Constraints are good. Do you think explorers let a little waterfall get in their way? (Image: Shawn Ward)

There has to be some limits to what we can and cannot accomplish. It is just the way it is. But, you can use it to your advantage. In fact, some of your best work you will ever do, will be when you have limits. 

Most things have set limits and the first thing you can do is embrace it. The sun must rise in the east and set in the west. If it didn’t, the world would be plunged into darkness. The moon will eventually reach a full moon state, if it didn’t the tides would be all messed up and so would our balance as we know it in this world.

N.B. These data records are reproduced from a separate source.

(* Let $M$ be a monoid and let $\sigma : X^* \to M$ and $\tau : Y^* \to M$ be finite monoid choices of generators. Then $L_\sigma(M)$ is an inverse morphic image of $L_\tau(M)$, i.e. there is a monoid morphism $\rho : \hat{X}^* \to \hat{Y}^*$ with $L_\sigma(M) = \{w \in \hat{X}^* : w\rho \in L_\tau(M)\}$. The corresponding statement holds for a semigroup $S$ with finite semigroup choices of generators $\sigma : X^+ \to S$ and $\tau : Y^+ \to S$.
   Context: Maps are written on the right. $X^*$, $X^+$: free monoid and free semigroup on $X$. For a monoid $M$ and surjective monoid morphism $\sigma : X^* \to M$, let $\overline{X} = \{\overline{x} : x \in X\}$ be new symbols, $\hat{X} = X \cup \overline{X}$; the loop automaton has vertex set $M$, for each $a \in M$, $x \in X$ an edge $a \to a(x\sigma)$ labelled $x$ and an edge $a(x\sigma) \to a$ labelled $\overline{x}$; the loop problem $L_\sigma(M) \subseteq \hat{X}^*$ is the set of labels of paths from the identity to the identity. For a semigroup $S$ and surjective morphism $\sigma : X^+ \to S$, $L_\sigma(S)$ is the loop problem of $S^1$ ($S$ with a new identity adjoined, even if one exists) with respect to the unique extension $\sigma^1 : X^* \to S^1$. *)

theory Defs
  imports Main
begin

text \<open>Words are lists. For an alphabet X, the letters of hat X are pairs (x, b)
 with x in X; (x, False) is x and (x, True) is the barred letter.\<close>

definition hat :: "'x set \<Rightarrow> ('x \<times> bool) set" where
  "hat X = X \<times> UNIV"

definition monoid_choice :: "'x set \<Rightarrow> ('x list \<Rightarrow> 'm::monoid_mult) \<Rightarrow> bool" where
  "monoid_choice X \<sigma> \<longleftrightarrow> finite X \<and> \<sigma> [] = 1 \<and>
     (\<forall>u\<in>lists X. \<forall>v\<in>lists X. \<sigma> (u @ v) = \<sigma> u * \<sigma> v) \<and>
     (\<forall>m. \<exists>w\<in>lists X. \<sigma> w = m)"

definition semigroup_choice :: "'x set \<Rightarrow> ('x list \<Rightarrow> 's::semigroup_mult) \<Rightarrow> bool" where
  "semigroup_choice X \<sigma> \<longleftrightarrow> finite X \<and>
     (\<forall>u\<in>lists X - {[]}. \<forall>v\<in>lists X - {[]}. \<sigma> (u @ v) = \<sigma> u * \<sigma> v) \<and>
     (\<forall>s. \<exists>w\<in>lists X - {[]}. \<sigma> w = s)"

definition free_morphism :: "'a set \<Rightarrow> 'b set \<Rightarrow> ('a list \<Rightarrow> 'b list) \<Rightarrow> bool" where
  "free_morphism A B \<rho> \<longleftrightarrow> \<rho> [] = [] \<and> (\<forall>w\<in>lists A. \<rho> w \<in> lists B) \<and>
     (\<forall>u\<in>lists A. \<forall>v\<in>lists A. \<rho> (u @ v) = \<rho> u @ \<rho> v)"

text \<open>Paths in the loop automaton of a monoid with multiplication mult, where gen x
 is the image of the generator x: edge a \<rightarrow> mult a (gen x) labelled x and
 edge mult a (gen x) \<rightarrow> a labelled x-bar.\<close>
inductive lpath :: "('v \<Rightarrow> 'v \<Rightarrow> 'v) \<Rightarrow> ('x \<Rightarrow> 'v) \<Rightarrow> 'v \<Rightarrow> ('x \<times> bool) list \<Rightarrow> 'v \<Rightarrow> bool"
  for mult gen where
  nil: "lpath mult gen a [] a"
| fwd: "lpath mult gen (mult a (gen x)) w b \<Longrightarrow> lpath mult gen a ((x, False) # w) b"
| bwd: "lpath mult gen a w b \<Longrightarrow> lpath mult gen (mult a (gen x)) ((x, True) # w) b"

definition loop_problem_gen ::
  "('v \<Rightarrow> 'v \<Rightarrow> 'v) \<Rightarrow> 'v \<Rightarrow> 'x set \<Rightarrow> ('x \<Rightarrow> 'v) \<Rightarrow> ('x \<times> bool) list set" where
  "loop_problem_gen mult e X gen = {w \<in> lists (hat X). lpath mult gen e w e}"

definition loop_problem :: "'x set \<Rightarrow> ('x list \<Rightarrow> 'm::monoid_mult) \<Rightarrow> ('x \<times> bool) list set" where
  "loop_problem X \<sigma> = loop_problem_gen (*) 1 X (\<lambda>x. \<sigma> [x])"

text \<open>S^1: S with a new identity adjoined, modelled as 's option with None the new identity.\<close>
fun adj_mult :: "'s::semigroup_mult option \<Rightarrow> 's option \<Rightarrow> 's option" where
  "adj_mult None b = b"
| "adj_mult a None = a"
| "adj_mult (Some a) (Some b) = Some (a * b)"

definition ext1 :: "('x list \<Rightarrow> 's) \<Rightarrow> 'x list \<Rightarrow> 's option" where
  "ext1 \<sigma> w = (if w = [] then None else Some (\<sigma> w))"

definition sg_loop_problem :: "'x set \<Rightarrow> ('x list \<Rightarrow> 's::semigroup_mult) \<Rightarrow> ('x \<times> bool) list set" where
  "sg_loop_problem X \<sigma> = loop_problem_gen adj_mult None X (\<lambda>x. ext1 \<sigma> [x])"

end

theory Submission
  imports Defs
begin

text \<open>Choose for every generator x of \<sigma> a word u x over Y with the same image under \<tau>, and
  let \<rho> replace x by u x and x-bar by the formal inverse of u x (reversed, all letters barred).
  Both loop automata have the same vertex set, and reading u x forward from a vertex a leads
  to a(x\<sigma>), while reading its formal inverse from a(x\<sigma>) leads back to a. Hence paths labelled
  w in the automaton of \<sigma> correspond exactly to paths labelled w\<rho> with the same end points in
  the automaton of \<tau>. For a semigroup the same argument runs in S^1, using that the words
  u x are nonempty.\<close>

lemma lpath_Nil_iff [simp]: "lpath m g a [] b \<longleftrightarrow> a = b"
  by (auto elim: lpath.cases intro: lpath.intros)

lemma lpath_Cons_False_iff [simp]:
  "lpath m g a ((x, False) # w) b \<longleftrightarrow> lpath m g (m a (g x)) w b"
  by (auto elim: lpath.cases intro: lpath.intros)

lemma lpath_Cons_True_iff [simp]:
  "lpath m g c ((x, True) # w) b \<longleftrightarrow> (\<exists>a. c = m a (g x) \<and> lpath m g a w b)"
  by (auto elim: lpath.cases intro: lpath.intros)

lemma lpath_append_iff:
  "lpath m g a (v @ w) b \<longleftrightarrow> (\<exists>c. lpath m g a v c \<and> lpath m g c w b)"
proof (induction v arbitrary: a)
  case Nil
  then show ?case by simp
next
  case (Cons p v)
  then show ?case by (cases p; cases "snd p") auto
qed

lemma lpath_map_False_iff:
  "lpath m g a (map (\<lambda>y. (y, False)) u) b \<longleftrightarrow> b = foldl (\<lambda>c y. m c (g y)) a u"
  by (induction u arbitrary: a) auto

lemma lpath_rev_map_True_iff:
  "lpath m g c (rev (map (\<lambda>y. (y, True)) u)) d \<longleftrightarrow> c = foldl (\<lambda>c y. m c (g y)) d u"
  by (induction u arbitrary: c rule: rev_induct) (auto simp: lpath_append_iff)

definition hat_subst :: "('x \<Rightarrow> 'y list) \<Rightarrow> ('x \<times> bool) list \<Rightarrow> ('y \<times> bool) list" where
  "hat_subst u w = concat (map (\<lambda>(x, t). if t then rev (map (\<lambda>y. (y, True)) (u x))
                                         else map (\<lambda>y. (y, False)) (u x)) w)"

lemma hat_subst_Cons:
  "hat_subst u ((x, t) # w) =
     (if t then rev (map (\<lambda>y. (y, True)) (u x)) else map (\<lambda>y. (y, False)) (u x)) @ hat_subst u w"
  by (simp add: hat_subst_def)

lemma free_morphism_hat_subst:
  assumes "\<forall>x\<in>X. u x \<in> lists Y"
  shows "free_morphism (hat X) (hat Y) (hat_subst u)"
  using assms unfolding free_morphism_def hat_subst_def hat_def by (fastforce split: if_splits)

lemma lpath_hat_subst_iff:
  assumes reads: "\<forall>x\<in>X. \<forall>a. foldl (\<lambda>c y. m c (gY y)) a (u x) = m a (gX x)"
    and "w \<in> lists (hat X)"
  shows "lpath m gY a (hat_subst u w) b \<longleftrightarrow> lpath m gX a w b"
  using \<open>w \<in> lists (hat X)\<close>
proof (induction w arbitrary: a)
  case Nil
  then show ?case by (simp add: hat_subst_def)
next
  case (Cons p w)
  obtain x t where p: "p = (x, t)" by (cases p)
  with Cons.hyps have "x \<in> X" by (auto simp: hat_def)
  with reads Cons.IH show ?case
    by (cases t) (auto simp: p hat_subst_Cons lpath_append_iff
                             lpath_map_False_iff lpath_rev_map_True_iff)
qed

lemma loop_problem_gen_eq_preimage_hat_subst:
  assumes "\<forall>x\<in>X. u x \<in> lists Y"
    and "\<forall>x\<in>X. \<forall>a. foldl (\<lambda>c y. m c (gY y)) a (u x) = m a (gX x)"
  shows "loop_problem_gen m e X gX = {w \<in> lists (hat X). hat_subst u w \<in> loop_problem_gen m e Y gY}"
proof -
  have "hat_subst u w \<in> lists (hat Y)" if "w \<in> lists (hat X)" for w
    using free_morphism_hat_subst[OF assms(1)] that unfolding free_morphism_def by blast
  with lpath_hat_subst_iff[OF assms(2)] show ?thesis
    unfolding loop_problem_gen_def by blast
qed

lemma foldl_monoid_choice:
  assumes "monoid_choice Y \<tau>" and "u \<in> lists Y"
  shows "foldl (\<lambda>c y. c * \<tau> [y]) a u = a * \<tau> u"
  using \<open>u \<in> lists Y\<close>
proof (induction u arbitrary: a)
  case Nil
  with assms(1) show ?case by (simp add: monoid_choice_def)
next
  case (Cons y u)
  with assms(1) have "\<tau> ([y] @ u) = \<tau> [y] * \<tau> u"
    unfolding monoid_choice_def by (simp del: append_Cons append_Nil)
  with Cons show ?case by (simp add: mult.assoc)
qed

lemma foldl_adj_mult_semigroup_choice:
  assumes "semigroup_choice Y \<tau>" and "u \<in> lists Y" and "u \<noteq> []"
  shows "foldl (\<lambda>c y. adj_mult c (ext1 \<tau> [y])) a u = adj_mult a (Some (\<tau> u))"
  using \<open>u \<in> lists Y\<close> \<open>u \<noteq> []\<close>
proof (induction u arbitrary: a)
  case Nil
  then show ?case by simp
next
  case (Cons y u)
  show ?case
  proof (cases "u = []")
    case True
    then show ?thesis by (simp add: ext1_def)
  next
    case False
    with assms(1) Cons.hyps have "\<tau> ([y] @ u) = \<tau> [y] * \<tau> u"
      unfolding semigroup_choice_def by (simp del: append_Cons append_Nil)
    with Cons False show ?thesis
      by (cases a) (simp_all add: ext1_def mult.assoc)
  qed
qed

lemma loop_problem_inverse_morphic_image:
  fixes \<sigma> :: "'x list \<Rightarrow> 'm::monoid_mult" and \<tau> :: "'y list \<Rightarrow> 'm"
  assumes "monoid_choice X \<sigma>" and "monoid_choice Y \<tau>"
  shows "\<exists>\<rho>. free_morphism (hat X) (hat Y) \<rho> \<and>
           loop_problem X \<sigma> = {w \<in> lists (hat X). \<rho> w \<in> loop_problem Y \<tau>}"
proof -
  from assms(2) have "\<forall>x. \<exists>v. v \<in> lists Y \<and> \<tau> v = \<sigma> [x]"
    unfolding monoid_choice_def by blast
  then obtain u where u: "\<forall>x. u x \<in> lists Y \<and> \<tau> (u x) = \<sigma> [x]"
    by (rule choice[THEN exE])
  then have "\<forall>x\<in>X. \<forall>a. foldl (\<lambda>c y. c * \<tau> [y]) a (u x) = a * \<sigma> [x]"
    by (simp add: foldl_monoid_choice[OF assms(2)])
  with u have "loop_problem X \<sigma> = {w \<in> lists (hat X). hat_subst u w \<in> loop_problem Y \<tau>}"
    unfolding loop_problem_def by (simp add: loop_problem_gen_eq_preimage_hat_subst)
  with u show ?thesis
    by (blast intro: free_morphism_hat_subst)
qed

lemma sg_loop_problem_inverse_morphic_image:
  fixes \<sigma> :: "'x list \<Rightarrow> 's::semigroup_mult" and \<tau> :: "'y list \<Rightarrow> 's"
  assumes "semigroup_choice X \<sigma>" and "semigroup_choice Y \<tau>"
  shows "\<exists>\<rho>. free_morphism (hat X) (hat Y) \<rho> \<and>
           sg_loop_problem X \<sigma> = {w \<in> lists (hat X). \<rho> w \<in> sg_loop_problem Y \<tau>}"
proof -
  from assms(2) have "\<forall>x. \<exists>v. v \<in> lists Y \<and> v \<noteq> [] \<and> \<tau> v = \<sigma> [x]"
    unfolding semigroup_choice_def by blast
  then obtain u where u: "\<forall>x. u x \<in> lists Y \<and> u x \<noteq> [] \<and> \<tau> (u x) = \<sigma> [x]"
    by (rule choice[THEN exE])
  then have "\<forall>x\<in>X. \<forall>a. foldl (\<lambda>c y. adj_mult c (ext1 \<tau> [y])) a (u x) = adj_mult a (ext1 \<sigma> [x])"
    using foldl_adj_mult_semigroup_choice[OF assms(2)] by (simp add: ext1_def)
  with u have "sg_loop_problem X \<sigma> = {w \<in> lists (hat X). hat_subst u w \<in> sg_loop_problem Y \<tau>}"
    unfolding sg_loop_problem_def by (simp add: loop_problem_gen_eq_preimage_hat_subst)
  with u show ?thesis
    by (blast intro: free_morphism_hat_subst)
qed

theorem proposition4p6:
  shows "(\<forall>(X :: 'x set) (Y :: 'y set) (\<sigma> :: 'x list \<Rightarrow> 'm::monoid_mult) (\<tau> :: 'y list \<Rightarrow> 'm).
            monoid_choice X \<sigma> \<and> monoid_choice Y \<tau> \<longrightarrow>
            (\<exists>\<rho>. free_morphism (hat X) (hat Y) \<rho> \<and>
                 loop_problem X \<sigma> = {w \<in> lists (hat X). \<rho> w \<in> loop_problem Y \<tau>}))
       \<and> (\<forall>(X :: 'x set) (Y :: 'y set) (\<sigma> :: 'x list \<Rightarrow> 's::semigroup_mult) (\<tau> :: 'y list \<Rightarrow> 's).
            semigroup_choice X \<sigma> \<and> semigroup_choice Y \<tau> \<longrightarrow>
            (\<exists>\<rho>. free_morphism (hat X) (hat Y) \<rho> \<and>
                 sg_loop_problem X \<sigma> = {w \<in> lists (hat X). \<rho> w \<in> sg_loop_problem Y \<tau>}))"
  using loop_problem_inverse_morphic_image sg_loop_problem_inverse_morphic_image by blast

end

Strict limits can actually be just the fuel or kick you need in your creative process. If you’ve ever been up against the wall on a deadline or really tightly constrained with resources to use, you’ve probably not realized your own resourcefulness during those times. I am sure if you reflect back you were much more resourceful than you thought you could be.

Architect Frank Loyd Wright, a favorite of mine and incredible example of working with limits, said this:

Limits are an artist’s best friend.

HUH? Seems like a contradiction. 

Wright believed that limits force us to think beyond our conventional solutions and find answers we might not have otherwise discovered. You can take a look at some of his best works like Fallingwater in Mill Run, Pennsylvania (nature’s limitations) or the Imperial Hotel in Tokyo, Japan (cultural limitations and space limitations) to see how he took his limitations to create greatness.

Let’s take the Chicago, IL. skyline as another general example. That skyline was not developed and engineered by people with cheap, unlimited land. Rather, it was created by innovators who wrestled with the problem of creating incredible office/residential spaces on small pieces of expensive real estate.

Similarly, artists and writers maybe more inspired by the challenge of painting/writing by having to work within the confines of standard patterns or writing rhythms. 

Things to consider in your rut with limitations you’ve found yourself trapped by that might help:

  • How can you turn the constraints of your situations to your advantages? Dig deep on this one. It’s there, just within reach. Don’t give up so quickly.
  • What constraints can you add to your problem? Seems like a really weird thing to do, making it harder. But, it can have just the opposite effect in making something incredible and making you innovate more. Adding more constraints can also weatherproof your ideas and make them last the test of time.

If what you are involved in seems a little to easy going, maybe some limitations placed on them could be a great thing. I feel incredibly successful when going into something really restraining and limited. When I can find my way through it I am generally blown away by the result. It can change you when you regularly practice this. 

It’s Wednesday. Half way through your week. Go make an impact. Thanks for finding the time to read the post. Hope it helps.